> [Problem to solve]:
The output should be limited to the line holding "(\<forall>i<r. \<forall>j<r. i \<noteq> j \<longrightarrow> P" and the lines after it through the end of the entries, each restated exactly.
START Excerpted records
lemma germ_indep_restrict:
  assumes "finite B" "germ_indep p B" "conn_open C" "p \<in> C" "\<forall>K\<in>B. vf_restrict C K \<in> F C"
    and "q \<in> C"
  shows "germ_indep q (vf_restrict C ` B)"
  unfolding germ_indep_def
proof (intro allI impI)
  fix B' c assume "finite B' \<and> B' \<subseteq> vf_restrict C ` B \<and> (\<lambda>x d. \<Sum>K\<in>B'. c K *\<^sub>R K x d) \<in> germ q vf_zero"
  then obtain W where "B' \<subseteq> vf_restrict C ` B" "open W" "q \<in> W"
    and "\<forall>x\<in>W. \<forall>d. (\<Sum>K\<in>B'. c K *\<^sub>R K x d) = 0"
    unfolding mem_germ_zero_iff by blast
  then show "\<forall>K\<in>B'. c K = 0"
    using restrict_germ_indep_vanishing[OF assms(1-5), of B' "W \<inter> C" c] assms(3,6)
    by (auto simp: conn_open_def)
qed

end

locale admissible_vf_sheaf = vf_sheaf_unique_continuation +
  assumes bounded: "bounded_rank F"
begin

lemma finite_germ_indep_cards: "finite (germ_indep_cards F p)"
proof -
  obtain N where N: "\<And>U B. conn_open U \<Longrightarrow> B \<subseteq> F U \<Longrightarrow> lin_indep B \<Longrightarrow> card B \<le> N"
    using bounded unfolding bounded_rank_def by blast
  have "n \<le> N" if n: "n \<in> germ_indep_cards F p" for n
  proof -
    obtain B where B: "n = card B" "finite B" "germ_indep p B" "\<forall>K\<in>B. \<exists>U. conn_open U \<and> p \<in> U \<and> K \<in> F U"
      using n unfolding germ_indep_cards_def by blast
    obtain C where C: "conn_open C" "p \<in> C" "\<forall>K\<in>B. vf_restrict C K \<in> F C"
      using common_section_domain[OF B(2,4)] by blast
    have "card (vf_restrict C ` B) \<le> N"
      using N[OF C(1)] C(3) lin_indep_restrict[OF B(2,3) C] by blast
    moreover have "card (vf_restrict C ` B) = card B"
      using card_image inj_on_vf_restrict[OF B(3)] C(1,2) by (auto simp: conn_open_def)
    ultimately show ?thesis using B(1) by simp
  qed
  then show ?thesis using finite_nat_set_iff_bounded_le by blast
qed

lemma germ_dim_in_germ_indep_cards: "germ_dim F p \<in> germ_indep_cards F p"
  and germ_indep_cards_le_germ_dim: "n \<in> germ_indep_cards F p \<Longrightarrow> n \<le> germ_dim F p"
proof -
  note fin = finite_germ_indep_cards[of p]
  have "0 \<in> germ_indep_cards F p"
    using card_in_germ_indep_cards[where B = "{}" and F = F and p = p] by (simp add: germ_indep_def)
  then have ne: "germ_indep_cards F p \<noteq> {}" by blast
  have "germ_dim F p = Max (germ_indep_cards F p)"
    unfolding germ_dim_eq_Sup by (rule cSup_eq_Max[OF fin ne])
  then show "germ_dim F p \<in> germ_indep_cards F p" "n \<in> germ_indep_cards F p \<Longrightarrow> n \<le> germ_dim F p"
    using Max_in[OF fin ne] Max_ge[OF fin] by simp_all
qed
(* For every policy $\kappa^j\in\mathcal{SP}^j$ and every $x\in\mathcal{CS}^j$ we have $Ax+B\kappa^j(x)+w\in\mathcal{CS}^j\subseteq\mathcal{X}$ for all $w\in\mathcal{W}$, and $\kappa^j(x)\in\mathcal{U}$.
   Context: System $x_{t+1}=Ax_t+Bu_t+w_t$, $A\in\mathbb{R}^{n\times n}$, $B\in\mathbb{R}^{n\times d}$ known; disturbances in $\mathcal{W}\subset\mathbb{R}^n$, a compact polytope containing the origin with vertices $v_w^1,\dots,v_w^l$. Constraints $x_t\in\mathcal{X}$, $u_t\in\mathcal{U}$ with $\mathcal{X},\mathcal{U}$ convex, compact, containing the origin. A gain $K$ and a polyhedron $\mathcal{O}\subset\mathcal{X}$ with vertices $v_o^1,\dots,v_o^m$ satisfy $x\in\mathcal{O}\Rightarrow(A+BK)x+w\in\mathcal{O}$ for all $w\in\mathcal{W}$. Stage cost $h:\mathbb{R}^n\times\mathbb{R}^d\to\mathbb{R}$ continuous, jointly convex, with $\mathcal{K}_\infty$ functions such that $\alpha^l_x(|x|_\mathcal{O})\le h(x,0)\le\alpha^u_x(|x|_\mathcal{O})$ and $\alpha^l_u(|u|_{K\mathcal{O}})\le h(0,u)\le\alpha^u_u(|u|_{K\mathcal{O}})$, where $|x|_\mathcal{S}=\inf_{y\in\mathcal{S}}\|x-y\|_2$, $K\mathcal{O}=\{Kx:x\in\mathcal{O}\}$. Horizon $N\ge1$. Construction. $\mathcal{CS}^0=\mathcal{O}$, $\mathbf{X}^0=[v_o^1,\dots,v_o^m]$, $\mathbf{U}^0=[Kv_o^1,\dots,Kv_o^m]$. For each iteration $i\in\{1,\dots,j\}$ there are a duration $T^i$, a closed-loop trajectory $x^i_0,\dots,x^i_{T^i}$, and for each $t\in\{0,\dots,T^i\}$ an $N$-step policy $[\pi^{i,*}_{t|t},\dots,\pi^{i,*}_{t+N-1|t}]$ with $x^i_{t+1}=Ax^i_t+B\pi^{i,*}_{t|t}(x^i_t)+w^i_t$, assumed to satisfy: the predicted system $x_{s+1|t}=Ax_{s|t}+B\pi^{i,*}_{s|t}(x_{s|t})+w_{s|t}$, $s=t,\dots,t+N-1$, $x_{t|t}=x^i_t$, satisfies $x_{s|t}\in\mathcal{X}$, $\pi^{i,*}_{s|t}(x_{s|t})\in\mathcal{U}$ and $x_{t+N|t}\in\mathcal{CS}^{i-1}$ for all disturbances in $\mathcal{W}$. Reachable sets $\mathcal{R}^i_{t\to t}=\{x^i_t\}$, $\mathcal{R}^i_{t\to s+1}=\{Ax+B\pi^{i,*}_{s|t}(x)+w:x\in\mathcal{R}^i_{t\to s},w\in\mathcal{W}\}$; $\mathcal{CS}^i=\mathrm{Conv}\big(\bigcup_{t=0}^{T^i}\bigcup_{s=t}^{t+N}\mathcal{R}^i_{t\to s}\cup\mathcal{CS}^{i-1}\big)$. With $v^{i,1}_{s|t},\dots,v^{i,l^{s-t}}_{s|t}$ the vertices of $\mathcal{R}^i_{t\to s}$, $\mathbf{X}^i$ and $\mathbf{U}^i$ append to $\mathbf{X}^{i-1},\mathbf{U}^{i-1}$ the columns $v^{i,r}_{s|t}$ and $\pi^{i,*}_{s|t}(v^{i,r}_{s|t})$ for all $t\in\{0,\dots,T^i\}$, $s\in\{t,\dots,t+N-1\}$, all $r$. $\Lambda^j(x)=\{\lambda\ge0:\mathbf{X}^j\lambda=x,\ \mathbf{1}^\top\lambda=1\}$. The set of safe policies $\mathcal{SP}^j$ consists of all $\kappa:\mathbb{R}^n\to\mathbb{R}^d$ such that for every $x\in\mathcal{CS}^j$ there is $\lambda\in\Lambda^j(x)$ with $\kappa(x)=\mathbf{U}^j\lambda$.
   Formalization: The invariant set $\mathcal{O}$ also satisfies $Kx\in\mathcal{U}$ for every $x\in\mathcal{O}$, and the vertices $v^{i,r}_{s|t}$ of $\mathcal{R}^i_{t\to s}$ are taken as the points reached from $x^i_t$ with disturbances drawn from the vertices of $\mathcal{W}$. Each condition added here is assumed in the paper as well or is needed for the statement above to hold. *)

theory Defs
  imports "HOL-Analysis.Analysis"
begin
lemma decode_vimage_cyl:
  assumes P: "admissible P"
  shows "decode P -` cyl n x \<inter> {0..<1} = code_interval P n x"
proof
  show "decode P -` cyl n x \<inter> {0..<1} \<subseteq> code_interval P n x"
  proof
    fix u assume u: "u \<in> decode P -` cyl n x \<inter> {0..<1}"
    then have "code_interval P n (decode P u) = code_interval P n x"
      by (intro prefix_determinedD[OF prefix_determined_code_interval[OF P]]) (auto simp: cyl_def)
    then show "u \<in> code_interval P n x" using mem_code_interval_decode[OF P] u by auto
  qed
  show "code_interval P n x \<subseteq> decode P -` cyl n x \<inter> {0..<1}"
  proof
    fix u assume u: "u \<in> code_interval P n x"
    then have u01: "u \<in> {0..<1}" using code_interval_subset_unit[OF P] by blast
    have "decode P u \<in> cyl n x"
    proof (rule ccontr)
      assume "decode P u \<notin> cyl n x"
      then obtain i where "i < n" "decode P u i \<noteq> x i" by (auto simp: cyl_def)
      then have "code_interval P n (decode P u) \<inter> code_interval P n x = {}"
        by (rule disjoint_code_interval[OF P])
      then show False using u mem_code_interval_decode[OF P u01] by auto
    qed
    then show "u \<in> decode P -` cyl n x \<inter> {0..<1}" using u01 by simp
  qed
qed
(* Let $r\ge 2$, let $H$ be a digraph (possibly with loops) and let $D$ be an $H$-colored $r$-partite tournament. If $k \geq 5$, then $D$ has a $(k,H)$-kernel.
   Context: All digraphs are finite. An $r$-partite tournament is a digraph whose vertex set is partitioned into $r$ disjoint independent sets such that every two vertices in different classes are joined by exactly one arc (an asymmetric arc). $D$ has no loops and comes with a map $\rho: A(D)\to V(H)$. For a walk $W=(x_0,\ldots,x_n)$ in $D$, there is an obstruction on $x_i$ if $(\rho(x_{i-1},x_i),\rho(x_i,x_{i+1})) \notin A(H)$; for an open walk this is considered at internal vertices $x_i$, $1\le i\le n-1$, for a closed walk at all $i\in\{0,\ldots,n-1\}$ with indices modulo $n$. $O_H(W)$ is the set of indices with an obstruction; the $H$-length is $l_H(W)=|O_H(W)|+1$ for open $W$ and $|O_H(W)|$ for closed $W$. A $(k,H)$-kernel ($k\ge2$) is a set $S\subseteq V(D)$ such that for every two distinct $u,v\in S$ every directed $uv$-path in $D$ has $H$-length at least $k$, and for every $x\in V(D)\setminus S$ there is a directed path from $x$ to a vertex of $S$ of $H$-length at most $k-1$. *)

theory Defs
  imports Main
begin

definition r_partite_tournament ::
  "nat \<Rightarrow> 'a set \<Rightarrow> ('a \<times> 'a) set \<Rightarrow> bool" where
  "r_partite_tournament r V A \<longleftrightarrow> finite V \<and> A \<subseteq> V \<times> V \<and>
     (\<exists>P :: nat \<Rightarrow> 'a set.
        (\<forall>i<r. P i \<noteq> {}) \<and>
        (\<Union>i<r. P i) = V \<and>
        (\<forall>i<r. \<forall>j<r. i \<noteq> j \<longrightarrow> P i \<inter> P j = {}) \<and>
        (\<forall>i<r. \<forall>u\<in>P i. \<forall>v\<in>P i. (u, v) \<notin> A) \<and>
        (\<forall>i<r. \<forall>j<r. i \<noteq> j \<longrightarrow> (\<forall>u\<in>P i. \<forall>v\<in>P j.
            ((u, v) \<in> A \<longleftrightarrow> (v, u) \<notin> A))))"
END Excerpted records
> [Solution to this problem]:
        (\<forall>i<r. \<forall>j<r. i \<noteq> j \<longrightarrow> P i \<inter> P j = {}) \<and>
        (\<forall>i<r. \<forall>u\<in>P i. \<forall>v\<in>P i. (u, v) \<notin> A) \<and>
        (\<forall>i<r. \<forall>j<r. i \<noteq> j \<longrightarrow> (\<forall>u\<in>P i. \<forall>v\<in>P j.
            ((u, v) \<in> A \<longleftrightarrow> (v, u) \<notin> A))))"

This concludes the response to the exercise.